-- PROBLEM --
Your answer should be the lines of the listing that contain the word "whose".

━━━━━ LISTED RECORDS ━━━━━

(* For $n\ge 3$, $M_2(WC_n)\simeq M_2(CC_n)$, where $WC_n$ is the fully whiskered $2n$-cycle graph and $CC_n$ is the clawed $n$-cycle.
   Context: The fully whiskered graph of a graph $G$ is obtained by attaching a leaf to every vertex of $G$; $WC_n$ is the fully whiskered graph of the cycle on $2n$ vertices. For a graph $G$ of maximum degree at most $3$, the clawed graph $CG$ is obtained by subdividing every edge of $G$ and then attaching new leaves to every original vertex so that every original vertex has degree exactly $3$; $CC_n$ is the clawed graph of the cycle on $n$ vertices. $M_2(G)$ is the simplicial complex whose vertices are the edges of $G$ and whose faces are the $2$-matchings of $G$ (edge sets in which every vertex has degree at most $2$). *)

theory Defs
  imports "HOL-Analysis.Analysis"
begin

text \<open>Graphs are given by a vertex set V and a set E of 2-element vertex sets (edges).\<close>

definition deg :: "'a set set \<Rightarrow> 'a \<Rightarrow> nat" where
  "deg E v = card {e \<in> E. v \<in> e}"

definition cycle_vertices :: "nat \<Rightarrow> nat set" where
  "cycle_vertices m = {..<m}"

definition cycle_edges :: "nat \<Rightarrow> nat set set" where
  "cycle_edges m = {{i, Suc i mod m} | i. i < m}"

text \<open>Fully whiskered graph: Inl v are the original vertices, Inr v the leaf attached to v.\<close>
definition whiskered_edges :: "'a set \<Rightarrow> 'a set set \<Rightarrow> ('a + 'a) set set" where
  "whiskered_edges V E =
     {{Inl u, Inl v} | u v. {u, v} \<in> E} \<union> {{Inl v, Inr v} | v. v \<in> V}"

text \<open>Clawed graph: every edge e is subdivided by a new vertex Sub e, and every original
  vertex v receives 3 - deg v new leaves Leaf v k.\<close>
datatype 'a claw_vertex = Orig 'a | Sub "'a set" | Leaf 'a nat

definition clawed_edges :: "'a set \<Rightarrow> 'a set set \<Rightarrow> 'a claw_vertex set set" where
  "clawed_edges V E =
     {{Orig u, Sub e} | u e. e \<in> E \<and> u \<in> e}
     \<union> {{Orig v, Leaf v k} | v k. v \<in> V \<and> k < 3 - deg E v}"

text \<open>M_2(G): faces are the 2-matchings (edge sets with every vertex of degree at most 2).\<close>
definition two_matchings :: "'a set set \<Rightarrow> 'a set set set" where
  "two_matchings E = {F. F \<subseteq> E \<and> (\<forall>v. card {e \<in> F. v \<in> e} \<le> 2)}"

text \<open>Geometric realization of a (finite) abstract simplicial complex K with vertices of type 'v:
  the functions 'v => real that are nonnegative, whose support is a face of K, and which sum to 1;
  topologized as a subspace of the product topology on 'v => real.\<close>
definition geom_real :: "'v set set \<Rightarrow> ('v \<Rightarrow> real) set" where
  "geom_real K = {f. (\<forall>v. 0 \<le> f v) \<and> {v. f v \<noteq> 0} \<in> K \<and> (\<Sum>v\<in>{v. f v \<noteq> 0}. f v) = 1}"

end

theory Submission
  imports Defs
begin

(* Both graphs are ends of a chain of subgraphs of WC_n: the 2n-cycle with its whiskers at all
   even vertices and at the odd vertices below 2m.  For m = n this is WC_n; for m = 0 it is a copy
   of CC_n, the even vertices being the vertices of the n-cycle and the odd ones the subdivision
   vertices.  Removing the whisker u at the odd vertex 2j+1 does not change the homotopy type of
   M_2: a 2-matching containing u and the edge b = {2j+1, 2j+2} cannot contain {2j, 2j+1}, so it
   extends by the whisker at 2j, and a 2-matching containing u but not b extends by the whisker at
   2j+2.  These two extensions let the realisation deformation retract onto the faces avoiding u
   along three straight-line homotopies. *)

section \<open>Geometric realisations of finite complexes\<close>

definition support :: "('v \<Rightarrow> real) \<Rightarrow> 'v set" where
  "support f = {v. f v \<noteq> 0}"

definition finite_complex :: "'v set \<Rightarrow> 'v set set \<Rightarrow> bool" where
  "finite_complex V K \<longleftrightarrow> finite V \<and> K \<subseteq> Pow V \<and> (\<forall>\<sigma>\<in>K. \<forall>\<tau>\<subseteq>\<sigma>. \<tau> \<in> K)"

lemma finite_complex_downward_closed:
  "finite_complex V K \<Longrightarrow> \<sigma> \<in> K \<Longrightarrow> \<tau> \<subseteq> \<sigma> \<Longrightarrow> \<tau> \<in> K"
  unfolding finite_complex_def by blast

lemma mem_geom_real_iff:
  assumes "finite V" "K \<subseteq> Pow V"
  shows "f \<in> geom_real K \<longleftrightarrow> (\<forall>v. 0 \<le> f v) \<and> support f \<in> K \<and> sum f V = 1"
proof -
  have "sum f V = sum f (support f)" if "support f \<in> K"
    using that assms by (intro sum.mono_neutral_right) (auto simp: support_def)
  then show ?thesis
    by (auto simp: geom_real_def support_def)
qed

lemma continuous_on_coordinate [continuous_intros]:
  "continuous_on S (\<lambda>f :: 'a \<Rightarrow> 'b::topological_space. f i)"
  by (rule continuous_on_subset[OF continuous_on_product_coordinates]) simp
(* Let $G$ be the graph consisting of countably many paths $P_1,P_2,\dots$ which pairwise have exactly one vertex $u$ in common, $u$ being the first vertex of each $P_i$, where $P_i$ has $2i$ edges; weight the edges of each $P_i$ alternately $0$ and $1$, starting with weight $0$ on the edge of $P_i$ at $u$. Then $G$ has an almost perfect matching, but $G$ has no matching that is a strongly $w$-minimal perfect or almost perfect matching.
   Context: A matching is perfect if every vertex is covered by it, and almost perfect if exactly one vertex is not covered. For a set $F$ of edges, $w[F]:=\sum_{e\in F}w(e)$. A perfect or almost perfect matching $M$ is strongly $w$-minimal (among perfect and almost perfect matchings) if there is no perfect or almost perfect matching $N$ with $|M\setminus N|,|N\setminus M|<\infty$ and $w[N\setminus M]<w[M\setminus N]$. *)

theory Defs
  imports Complex_Main
begin

text \<open>A graph is given by a vertex set V and a set E of edges, each edge a
2-element subset of V. Weights are functions on edges.\<close>

definition matching :: "'a set set \<Rightarrow> 'a set set \<Rightarrow> bool" where
  "matching E M \<longleftrightarrow> M \<subseteq> E \<and> (\<forall>e\<in>M. \<forall>f\<in>M. e \<noteq> f \<longrightarrow> e \<inter> f = {})"

definition perfect_matching :: "'a set \<Rightarrow> 'a set set \<Rightarrow> 'a set set \<Rightarrow> bool" where
  "perfect_matching V E M \<longleftrightarrow> matching E M \<and> V \<subseteq> \<Union>M"

definition almost_perfect_matching :: "'a set \<Rightarrow> 'a set set \<Rightarrow> 'a set set \<Rightarrow> bool" where
  "almost_perfect_matching V E M \<longleftrightarrow> matching E M \<and> (\<exists>v. V - \<Union>M = {v})"

definition wsum :: "('a set \<Rightarrow> real) \<Rightarrow> 'a set set \<Rightarrow> real" where
  "wsum w F = (\<Sum>e\<in>F. w e)"

definition strongly_w_minimal ::
  "'a set \<Rightarrow> 'a set set \<Rightarrow> ('a set \<Rightarrow> real) \<Rightarrow> 'a set set \<Rightarrow> bool" where
  "strongly_w_minimal V E w M \<longleftrightarrow>
     (perfect_matching V E M \<or> almost_perfect_matching V E M) \<and>
     \<not> (\<exists>N. (perfect_matching V E N \<or> almost_perfect_matching V E N) \<and>
            finite (M - N) \<and> finite (N - M) \<and> wsum w (N - M) < wsum w (M - N))"

text \<open>The common vertex u is (0,0); the path
P_i (i \<ge> 1) has vertices u = pv i 0, pv i 1 = (i,1), ..., pv i (2i) = (i,2i),
and edges pedge i k = {pv i k, pv i (k+1)} for k < 2i.\<close>

definition pv :: "nat \<Rightarrow> nat \<Rightarrow> nat \<times> nat" where
  "pv i k = (if k = 0 then (0, 0) else (i, k))"

definition pedge :: "nat \<Rightarrow> nat \<Rightarrow> (nat \<times> nat) set" where
  "pedge i k = {pv i k, pv i (Suc k)}"

definition exV :: "(nat \<times> nat) set" where
  "exV = {pv i k | i k. 1 \<le> i \<and> k \<le> 2 * i}"

definition exE :: "(nat \<times> nat) set set" where
  "exE = {pedge i k | i k. 1 \<le> i \<and> k < 2 * i}"

definition exw :: "(nat \<times> nat) set \<Rightarrow> real" where
  "exw e = (if \<exists>i k. 1 \<le> i \<and> k < 2 * i \<and> odd k \<and> e = pedge i k then 1 else 0)"

end

theory Submission
  imports Defs
begin

text \<open>
  The graph consists of paths P_1, P_2, ... glued at their first vertex u = (0,0) (the hub);
  P_i has inner vertices (i,1), ..., (i,2i) and edges pedge i t, t < 2i, of weight t mod 2.
  The odd edges of all paths form an almost perfect matching missing only u.

  For the negative part we use one general device: given a matching M and a finite matching B,
  swap M B replaces the edges of M meeting B by B.  If the result misses exactly one vertex and
  B is lighter than some set of the replaced edges, M is not strongly w-minimal.
  Let M be a perfect or almost perfect matching.
  (a) If u is uncovered, the edge (1,1)-(1,2) of weight 1 is in M; swapping in the weight-0
      edge u-(1,1) improves M.
  (b) If u is covered by the first edge of P_j, then on every other path P_i a parity argument
      (a matching covers an even number of vertices) shows that all inner vertices are
      covered, which forces all i odd edges of P_i into M.  For k = j+1 we swap in the odd
      edges of P_j (weight j) and the even edges of P_k (weight 0); this displaces the k odd
      edges of P_k and leaves only (k,2k) uncovered.
\<close>

lemma matching_edge_unique:
  assumes "matching E M" "e \<in> M" "f \<in> M" "x \<in> e" "x \<in> f"
  shows "e = f"
  using assms unfolding matching_def by blast

lemma matching_edge_in: "matching E M \<Longrightarrow> e \<in> M \<Longrightarrow> e \<in> E"
  unfolding matching_def by blast

lemma matchingI:
  assumes "M \<subseteq> E" "\<And>e f x. e \<in> M \<Longrightarrow> f \<in> M \<Longrightarrow> x \<in> e \<Longrightarrow> x \<in> f \<Longrightarrow> e = f"
  shows "matching E M"
  using assms unfolding matching_def by blast

lemma card_Union_matching:
  assumes "matching E M" "finite M" "\<forall>e\<in>M. card e = 2"
  shows "card (\<Union>M) = 2 * card M"
proof -
  have "pairwise disjnt M"
    using assms(1) unfolding matching_def pairwise_def disjnt_def by blast
  moreover have "\<And>e. e \<in> M \<Longrightarrow> finite e"
    using assms(3) by (metis card.infinite zero_neq_numeral)
  ultimately have "card (\<Union>M) = sum card M" by (rule card_Union_disjoint)
  also have "\<dots> = 2 * card M" using assms(3) by simp
  finally show ?thesis .
qed

definition displaced :: "'a set set \<Rightarrow> 'a set set \<Rightarrow> 'a set set" where
  "displaced M B = {e \<in> M. e \<inter> \<Union>B \<noteq> {}}"

definition swap :: "'a set set \<Rightarrow> 'a set set \<Rightarrow> 'a set set" where
  "swap M B = (M - displaced M B) \<union> B"

lemma matching_swap:
  assumes "matching E M" "matching E B"
  shows "matching E (swap M B)"
  unfolding matching_def
proof (intro conjI ballI impI)
  show "swap M B \<subseteq> E"
    using assms unfolding matching_def swap_def by blast
next
  fix e f assume e: "e \<in> swap M B" and f: "f \<in> swap M B" and "e \<noteq> f"
  have kept: "e \<inter> f = {}" if "e \<in> M - displaced M B" "f \<in> B" for e f
    using that unfolding displaced_def by blast
  consider "e \<in> M" "f \<in> M" | "e \<in> B" "f \<in> B"
    | "e \<in> M - displaced M B" "f \<in> B" | "f \<in> M - displaced M B" "e \<in> B"
    using e f unfolding swap_def by blast
  then show "e \<inter> f = {}"
  proof cases
    case 1 then show ?thesis using assms(1) \<open>e \<noteq> f\<close> unfolding matching_def by blast
  next
    case 2 then show ?thesis using assms(2) \<open>e \<noteq> f\<close> unfolding matching_def by blast
  next
    case 3 then show ?thesis by (rule kept)
  next
    case 4 then show ?thesis using kept by blast
  qed
qed

text \<open>Since every vertex lies on at most one edge of M, a finite B displaces only finitely many
  edges; hence a swap is always a finite modification.\<close>
lemma finite_displaced:
  assumes M: "matching E M" and S: "finite (\<Union>B)"
  shows "finite (displaced M B)"
proof -
  have sub: "displaced M B \<subseteq> (\<Union>x\<in>\<Union>B. {e \<in> M. x \<in> e})"
    unfolding displaced_def by blast
  have single: "finite {e \<in> M. x \<in> e}" for x
  proof -
    have "{e \<in> M. x \<in> e} \<subseteq> {e0}" if "e0 \<in> M" "x \<in> e0" for e0
      using matching_edge_unique[OF M _ that(1) _ that(2)] by blast
    then show ?thesis by (metis (no_types, lifting) empty_Collect_eq finite.emptyI finite_subset
      finite.insertI)
  qed
  have "finite (\<Union>x\<in>\<Union>B. {e \<in> M. x \<in> e})"
    using S single by (rule finite_UN_I)
  then show ?thesis using sub finite_subset by blast
qed

lemma mem_Union_swap: "x \<in> \<Union>(swap M B) \<longleftrightarrow> x \<in> \<Union>B \<or> (\<exists>e\<in>M. x \<in> e \<and> e \<inter> \<Union>B = {})"
  unfolding swap_def displaced_def by blast

lemma swap_improves:
  fixes w :: "'a set \<Rightarrow> real"
  assumes M: "matching E M" and B: "matching E B" "finite B" "\<forall>e\<in>B. finite e"
    and nonneg: "\<forall>e. w e \<ge> 0"
    and one_uncovered: "V - \<Union>(swap M B) = {z}"
    and F: "F \<subseteq> displaced M B - B" and lighter: "wsum w B < wsum w F"
  shows "\<not> strongly_w_minimal V E w M"
proof -
  let ?N = "swap M B"
  have MN: "M - ?N = displaced M B - B" and NM: "?N - M \<subseteq> B"
    unfolding swap_def displaced_def by auto
  have "finite (displaced M B)" using finite_displaced[OF M] B by blast
  then have fin: "finite (M - ?N)" "finite (?N - M)"
    unfolding MN using finite_subset[OF NM] B by auto
  have apm: "almost_perfect_matching V E ?N"
    using matching_swap[OF M B(1)] one_uncovered unfolding almost_perfect_matching_def by blast
  have "wsum w (?N - M) \<le> wsum w B"
    unfolding wsum_def using B(2) NM nonneg by (intro sum_mono2) auto
  also have "\<dots> < wsum w F" by (fact lighter)
  also have "\<dots> \<le> wsum w (M - ?N)"
    using fin(1) F nonneg unfolding wsum_def MN by (intro sum_mono2) auto
  finally show ?thesis unfolding strongly_w_minimal_def using apm fin by blast
qed

lemma pedge_eq: "pedge i t = {if t = 0 then (0, 0) else (i, t), (i, Suc t)}"
  by (simp add: pedge_def pv_def)

lemma mem_pedge:
  "x \<in> pedge i t \<longleftrightarrow> (t = 0 \<and> x = (0, 0)) \<or> (0 < t \<and> x = (i, t)) \<or> x = (i, Suc t)"
  by (auto simp: pedge_eq)

lemma pedge_inj: "pedge i t = pedge i' t' \<longleftrightarrow> i = i' \<and> t = t'"
proof
  assume eq: "pedge i t = pedge i' t'"
  have "(i, Suc t) \<in> pedge i t" "(i', Suc t') \<in> pedge i' t'"
    by (simp_all add: pedge_eq)
  then have "(i, Suc t) \<in> pedge i' t'" "(i', Suc t') \<in> pedge i t"
    unfolding eq by simp_all
  then show "i = i' \<and> t = t'" by (auto simp: mem_pedge)
qed simp

lemma pedge_in_exE: "pedge i t \<in> exE \<longleftrightarrow> 1 \<le> i \<and> t < 2 * i"
  by (auto simp: exE_def pedge_inj)

lemma exV_iff: "(a, b) \<in> exV \<longleftrightarrow> (a, b) = (0, 0) \<or> (1 \<le> a \<and> 1 \<le> b \<and> b \<le> 2 * a)"
  unfolding exV_def pv_def by (cases "b = 0") (auto intro: exI[of _ 1])

lemma exw_pedge: "1 \<le> i \<Longrightarrow> t < 2 * i \<Longrightarrow> exw (pedge i t) = (if odd t then 1 else 0)"
  unfolding exw_def pedge_inj by auto

lemma exw_nonneg: "exw e \<ge> 0"
  by (simp add: exw_def)

lemma edge_at_inner: "e \<in> exE \<Longrightarrow> (i, Suc s) \<in> e \<Longrightarrow> e = pedge i s \<or> e = pedge i (Suc s)"
  by (auto simp: exE_def mem_pedge)

definition inner_verts :: "nat \<Rightarrow> (nat \<times> nat) set" where
  "inner_verts i = {(i, t) | t. 1 \<le> t \<and> t \<le> 2 * i}"

definition odd_edges :: "nat \<Rightarrow> (nat \<times> nat) set set" where
  "odd_edges i = (\<lambda>r. pedge i (2 * r + 1)) ` {..<i}"

definition even_edges :: "nat \<Rightarrow> (nat \<times> nat) set set" where
  "even_edges i = (\<lambda>r. pedge i (2 * r)) ` {..<i}"

lemma exV_eq: "exV = insert (0, 0) (\<Union>i\<in>{1..}. inner_verts i)"
  by (auto simp: exV_iff inner_verts_def)

lemma card_inner_verts: "card (inner_verts i) = 2 * i"
proof -
  have "inner_verts i = Pair i ` {1..2 * i}"
    by (auto simp: inner_verts_def)
  then show ?thesis by (simp add: card_image inj_on_def)
qed

lemma pedge_subset_inner: "0 < t \<Longrightarrow> t < 2 * i \<Longrightarrow> pedge i t \<subseteq> inner_verts i"
  by (auto simp: pedge_eq inner_verts_def)

lemma Union_odd_edges: "\<Union>(odd_edges i) = inner_verts i"
proof
  show "\<Union>(odd_edges i) \<subseteq> inner_verts i"
    by (auto simp: odd_edges_def pedge_eq inner_verts_def)
next
  show "inner_verts i \<subseteq> \<Union>(odd_edges i)"
  proof
    fix x assume "x \<in> inner_verts i"
    then obtain t where x: "x = (i, t)" "1 \<le> t" "t \<le> 2 * i"
      by (auto simp: inner_verts_def)
    have "x \<in> pedge i (2 * ((t - 1) div 2) + 1)"
      using x by (auto simp: pedge_eq)
    moreover have "(t - 1) div 2 < i" using x by auto
    ultimately show "x \<in> \<Union>(odd_edges i)" by (auto simp: odd_edges_def)
  qed
qed
lemma Mspace_isometry_fixes_origin:
  fixes A :: "real^4^4"
  assumes "r \<noteq> 0" and isometric: "\<And>u v. gform r (A *v u) (A *v v) = gform r u v"
    and maps: "\<And>x. x \<in> Mspace r \<Longrightarrow> A *v x + b \<in> Mspace r"
  shows "b = 0"
proof -
  note norm_M = Mspace_curved_norm[OF _ \<open>r \<noteq> 0\<close>]
  have "gform r (A *v x) b = - gform r b b / 2" if "x \<in> Mspace r" for x
  proof -
    have "gform r (A *v x + b) (A *v x + b) = gform r (A *v x) (A *v x) + 2 * gform r (A *v x) b + gform r b b"
      by (simp add: gform_linear gform_commute[of r b "A *v x"])
    then show ?thesis
      using norm_M[OF that] norm_M[OF maps[OF that]] isometric by simp
  qed
  moreover have "linear (\<lambda>x. gform r (A *v x) b)"
    by (intro linearI) (simp_all add: matrix_vector_right_distrib matrix_vector_mult_scaleR gform_linear)
  ultimately have l0: "gform r (A *v x) b = 0" for x
    using linear_constant_on_Mspace_eq_0[OF _ \<open>r \<noteq> 0\<close>] by blast
  have "inj ((*v) A)"
  proof (rule injI)
    fix x y assume "A *v x = A *v y"
    then have "gform r u (x - y) = 0" for u
      using isometric[of u "x - y"] by (simp add: matrix_vector_mult_diff_distrib)
    then show "x = y"
      using gform_nondegenerate[of r "x - y"] by simp
  qed
  then have "surj ((*v) A)"
    by (rule linear_injective_imp_surjective[OF matrix_vector_mul_linear]) (simp add: dim_UNIV)
  then obtain y where y: "b = A *v y"
    by (metis surj_def)
  have "gform r u y = 0" for u
    using l0[of u] isometric[of u y] by (simp add: y)
  then show ?thesis
    using gform_nondegenerate[of r y] y by simp
qed

section \<open>One-parameter groups of rotations\<close>

lemma vec_nth_derivative_eq_0:
  fixes f :: "real \<Rightarrow> 'a::real_normed_vector ^ 'n"
  assumes "open I" "s \<in> I" "\<And>x. x \<in> I \<Longrightarrow> f x $ i = 0" "(f has_vector_derivative f') (at s)"
  shows "f' $ i = 0"
proof -
  have "((\<lambda>x. f x $ i) has_vector_derivative f' $ i) (at s)"
    using bounded_linear.has_vector_derivative[OF bounded_linear_vec_nth assms(4)] .
  moreover have "((\<lambda>x. f x $ i) has_vector_derivative 0) (at s)"
    by (rule has_vector_derivative_transform_within_open[OF _ assms(1,2)]) (use assms(3) in auto)
  ultimately show ?thesis
    using vector_derivative_unique_at by blast
qed

lemma vd_0: "vd 0 f = f"
  by (simp add: vd_def)

lemma vd_Suc: "vd (Suc k) f s = vector_derivative (vd k f) (at s)"
  by (simp add: vd_def)

lemma smooth_curve_has_vector_derivative:
  "smooth_curve I \<gamma> \<Longrightarrow> s \<in> I \<Longrightarrow> (vd k \<gamma> has_vector_derivative vd (Suc k) \<gamma> s) (at s)"
  unfolding smooth_curve_def vd_Suc using vector_derivative_works by blast

text \<open>The rotations Phi t fix the point center of the axis (the origin of real^4 when rho is not 0),
  so rot t is their linear part, an isometry of gform; W is the linear space parallel to Mspace rho.
  On vectors outside W the map t \<mapsto> rot t v need not be differentiable, so the infinitesimal
  generator gen is extended to real^4 through the projection proj onto W.\<close>

locale rotation =
  fixes \<rho> :: real and \<Phi> :: "real \<Rightarrow> real^4 \<Rightarrow> real^4" and \<beta> :: "real \<Rightarrow> real^4"
  assumes rotation_group: "rotation_group \<rho> \<Phi> \<beta>"
begin

definition center :: "real^4" where "center = (if \<rho> = 0 then \<beta> 0 else 0)"
definition W :: "(real^4) set" where "W = (if \<rho> = 0 then {v. v $ 1 = 0} else UNIV)"
definition rot :: "real \<Rightarrow> real^4 \<Rightarrow> real^4" where "rot t v = \<Phi> t (v + center) - center"
definition proj :: "real^4 \<Rightarrow> real^4" where "proj v = (if \<rho> = 0 then v - (v $ 1) *\<^sub>R axis 1 1 else v)"
definition gen :: "real^4 \<Rightarrow> real^4" where "gen v = vector_derivative (\<lambda>t. rot t (proj v)) (at 0)"

lemma model_isometry_Phi: "model_isometry \<rho> (\<Phi> t)"
  using rotation_group by (simp add: rotation_group_def)

lemma Phi_in_Mspace: "x \<in> Mspace \<rho> \<Longrightarrow> \<Phi> t x \<in> Mspace \<rho>"
  using model_isometry_Phi[of t] unfolding model_isometry_def by blast

lemma Phi_0: "x \<in> Mspace \<rho> \<Longrightarrow> \<Phi> 0 x = x"
  using rotation_group by (simp add: rotation_group_def)

lemma Phi_add: "x \<in> Mspace \<rho> \<Longrightarrow> \<Phi> (s + t) x = \<Phi> s (\<Phi> t x)"
  using rotation_group by (simp add: rotation_group_def)

lemma Phi_axis: "\<Phi> t (\<beta> h) = \<beta> h"
  using rotation_group by (simp add: rotation_group_def)

lemma geodesic_axis: "geodesic_line \<rho> \<beta>"
  using rotation_group by (simp add: rotation_group_def)

lemma axis_in_Mspace: "\<beta> h \<in> Mspace \<rho>"
  using geodesic_axis by (simp add: geodesic_line_def)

━━━━━

-- OUTPUT FOR THIS TASK --
   Context: The fully whiskered graph of a graph $G$ is obtained by attaching a leaf to every vertex of $G$; $WC_n$ is the fully whiskered graph of the cycle on $2n$ vertices. For a graph $G$ of maximum degree at most $3$, the clawed graph $CG$ is obtained by subdividing every edge of $G$ and then attaching new leaves to every original vertex so that every original vertex has degree exactly $3$; $CC_n$ is the clawed graph of the cycle on $n$ vertices. $M_2(G)$ is the simplicial complex whose vertices are the edges of $G$ and whose faces are the $2$-matchings of $G$ (edge sets in which every vertex has degree at most $2$). *)
  the functions 'v => real that are nonnegative, whose support is a face of K, and which sum to 1;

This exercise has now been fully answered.